С.-Петербург, 4 ноября 1880.

<…> Ваш тезис мне о тоне распространения в обществе святых вещей, то есть без исступления и ругательств, не выходит у меня из головы. Ругательств, разумеется, не надо, но возможно ли быть не самим собою, не искренним? Каков я есмь, таким меня и принимайте – вот бы как я смотрел на читателей. Заволакиваться в облака величия (тон Гоголя, например, в «Переписке с друзьями») – есть неискренность, а неискренность даже самый неопытный читатель узнает чутьем. Это первое, что выдает. Ну как отказаться от полемики и иногда горячей? Вам дружески признаюсь, что, предпринимая с будущего года «Дневник» (на днях пускаю объявление), часто и многократно на коленях молился уже богу, чтоб дал мне сердце чистое, слово чистое, безгрешное, нераздражительное, независтливое. Смеясь уже скажу: решаю иногда совсем не читать ни нападок, ни возражений в журналах. Кстати, Кошелева статью в «Р<усской> мысли» до сих пор не читал. И не хочу. Известно, что свои-то первыми и нападают на своих же. Разве у нас может быть иначе? <…>

И. С. Аксакову

Петербург, 3 декабря 1880.

<…> не ожидайте – о, не ожидайте, – чтоб Вас поняли. Нынче именно такое время и настроение в умах, что любят сложное, извилистое, проселочное и себе в каждом пункте противоречащее. Аксиома, вроде дважды два – четыре, покажется парадоксом, а извилистое и противоречивое – истиной. Сейчас только прочел в «Новом времени» выписку из «Русской речи», где Градовский учит Вас и читает Вам наставления. «Не архитектуры, дескать, а жизнь». Мертвец проповедует жизнь, и поверьте, что мертвеца-то и послушают, а Вас нет.

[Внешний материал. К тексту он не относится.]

lemma loc_chain_triple_distrib:
  fixes X1 X2 X3 :: "('c, 'b::finite) Rfam"
  assumes S: "finite S" and planes: "a1 \<notin> range A" "a2 \<notin> range A" "a3 \<notin> range A"
    and pairs: "distinct [(a1, b1), (a2, b2), (a3, b3)]"
    and V: "insert (a1, b1) (Rsl L a1 b1) \<subseteq> S" "insert (a2, b2) (Rsl L a2 b2) \<subseteq> S"
      "insert (a3, b3) (Rsl L a3 b3) \<subseteq> S"
  shows "op_eq S
     (op_prod S (map (\<lambda>l. op_mult S (loc S X1 (\<sigma>1 + of_nat (l + 1)) (A l) a1 b1 (rA l) x1 y1)
          (op_mult S (loc S X2 (\<sigma>2 + of_nat (l + 1)) (A l) a2 b2 (rA l) x2 y2)
                     (loc S X3 (\<sigma>3 + of_nat (l + 1)) (A l) a3 b3 (rA l) x3 y3))) [0..<2 * L]))
     (op_mult S (loc_chain S X1 L rA \<sigma>1 a1 b1 x1 y1)
        (op_mult S (loc_chain S X2 L rA \<sigma>2 a2 b2 x2 y2) (loc_chain S X3 L rA \<sigma>3 a3 b3 x3 y3)))"
proof -
  let ?L1 = "\<lambda>l. loc S X1 (\<sigma>1 + of_nat (l + 1)) (A l) a1 b1 (rA l) x1 y1"
  let ?L2 = "\<lambda>l. loc S X2 (\<sigma>2 + of_nat (l + 1)) (A l) a2 b2 (rA l) x2 y2"
  let ?L3 = "\<lambda>l. loc S X3 (\<sigma>3 + of_nat (l + 1)) (A l) a3 b3 (rA l) x3 y3"
  have comm: "commutes S (?L1 j) (?L2 i)" "commutes S (?L1 j) (?L3 i)" "commutes S (?L3 i) (?L2 j)"
    if "i < j" "j < 2 * L" for i j
  proof -
    have ij: "i \<noteq> j" "j \<noteq> i" "i < 2 * L"
      using that by auto
    have d: "(a1, b1) \<noteq> (a2, b2)" "(a1, b1) \<noteq> (a3, b3)" "(a3, b3) \<noteq> (a2, b2)"
      using pairs by auto
    show "commutes S (?L1 j) (?L2 i)" "commutes S (?L1 j) (?L3 i)" "commutes S (?L3 i) (?L2 j)"
      using loc_chain_factors_commute[OF S planes(1) planes(2) d(1) ij(2) that(2) ij(3) V(1) V(2)]
        loc_chain_factors_commute[OF S planes(1) planes(3) d(2) ij(2) that(2) ij(3) V(1) V(3)]
        loc_chain_factors_commute[OF S planes(3) planes(2) d(3) ij(1) ij(3) that(2) V(3) V(2)]
      by this+
  qed
  have "op_eq S (op_prod S (map (\<lambda>l. op_mult S (?L1 l) (op_mult S (?L2 l) (?L3 l))) [0..<2 * L]))
      (op_mult S (loc_chain S X1 L rA \<sigma>1 a1 b1 x1 y1) (op_prod S (map (\<lambda>l. op_mult S (?L2 l) (?L3 l)) [0..<2 * L])))"
    unfolding loc_chain_def
    by (rule op_prod_mult_distrib[OF S, where P = ?L1 and Q = "\<lambda>l. op_mult S (?L2 l) (?L3 l)"])
      (rule commutes_sym[OF commutes_mult[OF S comm(1,2)]])
  also have "op_eq S \<dots> (op_mult S (loc_chain S X1 L rA \<sigma>1 a1 b1 x1 y1)
      (op_mult S (loc_chain S X2 L rA \<sigma>2 a2 b2 x2 y2) (loc_chain S X3 L rA \<sigma>3 a3 b3 x3 y3)))"
    unfolding loc_chain_def
    by (rule op_mult_cong[OF op_eq_refl op_prod_mult_distrib[OF S, where P = ?L2 and Q = ?L3]]) (rule comm)
  finally show ?thesis .
qed

lemma ptrace_loc_chain_triple:
  fixes X1 X2 X3 :: "('c, 'b::finite) Rfam"
  assumes S: "finite S" and planes: "a1 \<notin> range A" "a2 \<notin> range A" "a3 \<notin> range A"
    and pairs: "distinct [(a1, b1), (a2, b2), (a3, b3)]"
    and V: "insert (a1, b1) (Rsl L a1 b1) \<subseteq> S" "insert (a2, b2) (Rsl L a2 b2) \<subseteq> S"
      "insert (a3, b3) (Rsl L a3 b3) \<subseteq> S"
  shows "op_eq (S - {(a1, b1), (a2, b2), (a3, b3)})
     (ptrace S {(a1, b1), (a2, b2), (a3, b3)}
       (op_prod S (map (\<lambda>l. op_mult S (loc S X1 (\<sigma>1 + of_nat (l + 1)) (A l) a1 b1 (rA l) x1 y1)
          (op_mult S (loc S X2 (\<sigma>2 + of_nat (l + 1)) (A l) a2 b2 (rA l) x2 y2)
                     (loc S X3 (\<sigma>3 + of_nat (l + 1)) (A l) a3 b3 (rA l) x3 y3))) [0..<2 * L])))
     (op_mult (S - {(a1, b1), (a2, b2), (a3, b3)})
        (embed (S - {(a1, b1), (a2, b2), (a3, b3)}) (Rsl L a1 b1) (boldR X1 L rA \<sigma>1 a1 b1 x1 y1))
        (op_mult (S - {(a1, b1), (a2, b2), (a3, b3)})
           (embed (S - {(a1, b1), (a2, b2), (a3, b3)}) (Rsl L a2 b2) (boldR X2 L rA \<sigma>2 a2 b2 x2 y2))
           (embed (S - {(a1, b1), (a2, b2), (a3, b3)}) (Rsl L a3 b3) (boldR X3 L rA \<sigma>3 a3 b3 x3 y3))))"
proof -
  let ?T = "{(a1, b1), (a2, b2), (a3, b3)}"
  let ?C1 = "loc_chain S X1 L rA \<sigma>1 a1 b1 x1 y1"
  let ?C2 = "loc_chain S X2 L rA \<sigma>2 a2 b2 x2 y2"
  let ?C3 = "loc_chain S X3 L rA \<sigma>3 a3 b3 x3 y3"
  have notin: "(a1, b1) \<notin> Rsl L a b" "(a2, b2) \<notin> Rsl L a b" "(a3, b3) \<notin> Rsl L a b" for a b
    using pair_notin_Rsl planes by blast+
  have "op_eq (S - ?T) (ptrace S ?T (op_prod S (map (\<lambda>l. op_mult S (loc S X1 (\<sigma>1 + of_nat (l + 1)) (A l) a1 b1 (rA l) x1 y1)
          (op_mult S (loc S X2 (\<sigma>2 + of_nat (l + 1)) (A l) a2 b2 (rA l) x2 y2)
                     (loc S X3 (\<sigma>3 + of_nat (l + 1)) (A l) a3 b3 (rA l) x3 y3))) [0..<2 * L])))
      (ptrace S ?T (op_mult S ?C1 (op_mult S ?C2 ?C3)))"
    using V by (intro ptrace_cong loc_chain_triple_distrib[OF S planes pairs V]) auto
  also have "op_eq (S - ?T) \<dots> (op_mult (S - ?T) (ptrace S {(a1, b1)} ?C1)
      (op_mult (S - ?T) (ptrace S {(a2, b2)} ?C2) (ptrace S {(a3, b3)} ?C3)))"
  proof -
    have "op_eq (S - ({(a1, b1)} \<union> ({(a2, b2)} \<union> {(a3, b3)})))
        (ptrace S ({(a1, b1)} \<union> ({(a2, b2)} \<union> {(a3, b3)})) (op_mult S ?C1 (op_mult S ?C2 ?C3)))
        (op_mult (S - ({(a1, b1)} \<union> ({(a2, b2)} \<union> {(a3, b3)}))) (ptrace S {(a1, b1)} ?C1)
          (op_mult (S - ({(a1, b1)} \<union> ({(a2, b2)} \<union> {(a3, b3)}))) (ptrace S {(a2, b2)} ?C2) (ptrace S {(a3, b3)} ?C3)))"
      by (rule ptrace_mult3_disjoint[OF S acts_on_loc_chain[OF S V(1)] acts_on_loc_chain[OF S V(2)] acts_on_loc_chain[OF S V(3)]])
        (use pairs notin in auto)
    then show ?thesis
      by (simp only: Un_insert_left Un_empty_left)
  qed
  also have "op_eq (S - ?T) \<dots> (op_mult (S - ?T) (embed (S - ?T) (Rsl L a1 b1) (boldR X1 L rA \<sigma>1 a1 b1 x1 y1))
        (op_mult (S - ?T) (embed (S - ?T) (Rsl L a2 b2) (boldR X2 L rA \<sigma>2 a2 b2 x2 y2))
           (embed (S - ?T) (Rsl L a3 b3) (boldR X3 L rA \<sigma>3 a3 b3 x3 y3))))"
    using notin pairs V by (intro op_mult_cong ptrace_loc_chain[OF S] planes) auto
  finally show ?thesis .
qed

<…> Все-таки Ваша статья есть уже не слово, а дело. О литературном ее достоинстве и не говорю. Удивительно хорошо. Но повторяю: продолжайте разъяснять Вашу мысль особенно на примерах и указаниях. Посеете зерно, – вырастет дуб. …

А. Ф. Благонравову

Петербург, 19-го декабря 1880.

<…> У нас русский, отрицающий народность (а таких много), есть непременно атеист или равнодушный. Обратно, всякий неверующий или равнодушный решительно не может понять и никогда не поймет ни русского народа, ни русской народности. Самый важный теперь вопрос: как заставить с этим согласиться нашу интеллигенцию? Попробуйте заговорить: или съедят, или сочтут за изменника. Но кому изменника? Им – то есть чему-то носящемуся в воздухе и которому даже имя придумать трудно, потому что они сами не в состоянии придумать, как назвать себя? Или народу изменника? Нет, уж я лучше буду с народом: ибо от него только можно ждать чего-нибудь, а не от интеллигенции русской, народ отрицающей, и которая даже не интеллигентна.

Но возрождается и идет новая интеллигенция, та хочет быть с народом. А первый признак неразрывного общения с народом есть уважение и любовь к тому, что народ всею целостию своей любит и уважает более и выше всего что есть в мире, – то есть своего бога и свою веру.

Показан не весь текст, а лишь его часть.